## Task statement
When a line in the records contains the string "sgnth", copy that line.

(Saved data entries)
· · · ·
lemma p2Ls_has_injective_derivative:
  assumes eps: "0 < eps" "eps < 1" and "(phi, theta) \<in> ydom"
  shows "\<exists>F'. (p2Ls eps has_derivative F') (at (phi, theta)) \<and> inj F'"
proof -
  have phi: "0 < phi" "phi < pi" and theta: "0 < theta" "theta < 2 * pi" "theta \<noteq> pi"
    using assms(3) by (auto simp: ydom_def)
  have sin_theta: "sin theta \<noteq> 0"
    using theta sin_gt_zero[of theta] sin_lt_zero[of theta] by (cases "theta < pi") auto
  have sign: "sgnth theta \<noteq> 0" by (simp add: sgnth_def)
  have "Dden eps phi theta \<noteq> 0"
    using Dden_pos[of eps phi theta] eps pi_gt3 by simp
  then obtain F' where F': "(p2Ls_branch (sgnth theta) eps has_derivative F') (at (phi, theta))"
    using p2Ls_branch_differentiable[of eps "(phi, theta)"] unfolding differentiable_def by auto
  obtain U where "open U" "(phi, theta) \<in> U" and U: "\<forall>y\<in>U. p2Ls eps y = p2Ls_branch (sgnth theta) eps y"
    using p2Ls_eq_branch_nearby[OF theta(3)] by blast
  have "(p2Ls eps has_derivative F') (at (phi, theta))"
    using has_derivative_transform_within_open[OF F' \<open>open U\<close> \<open>(phi, theta) \<in> U\<close>] U by simp
  moreover have "inj F'"
    using p2Ls_branch_injective_derivative[OF eps phi sin_theta sign F'] .
  ultimately show ?thesis by blast
qed

theorem mainTheorem11:
  shows "\<exists>eps0 > 0. \<forall>eps. 0 < eps \<and> eps < eps0 \<longrightarrow> immersion_on (p2Ls eps) ydom"
proof (intro exI[of _ 1] conjI allI impI)
  fix eps :: real
  assume "0 < eps \<and> eps < 1"
  then show "immersion_on (p2Ls eps) ydom"
    unfolding immersion_on_def using p2Ls_has_injective_derivative by force
qed simp

end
· · · ·
## Worked solution
  have sign: "sgnth theta \<noteq> 0" by (simp add: sgnth_def)
  then obtain F' where F': "(p2Ls_branch (sgnth theta) eps has_derivative F') (at (phi, theta))"
  obtain U where "open U" "(phi, theta) \<in> U" and U: "\<forall>y\<in>U. p2Ls eps y = p2Ls_branch (sgnth theta) eps y"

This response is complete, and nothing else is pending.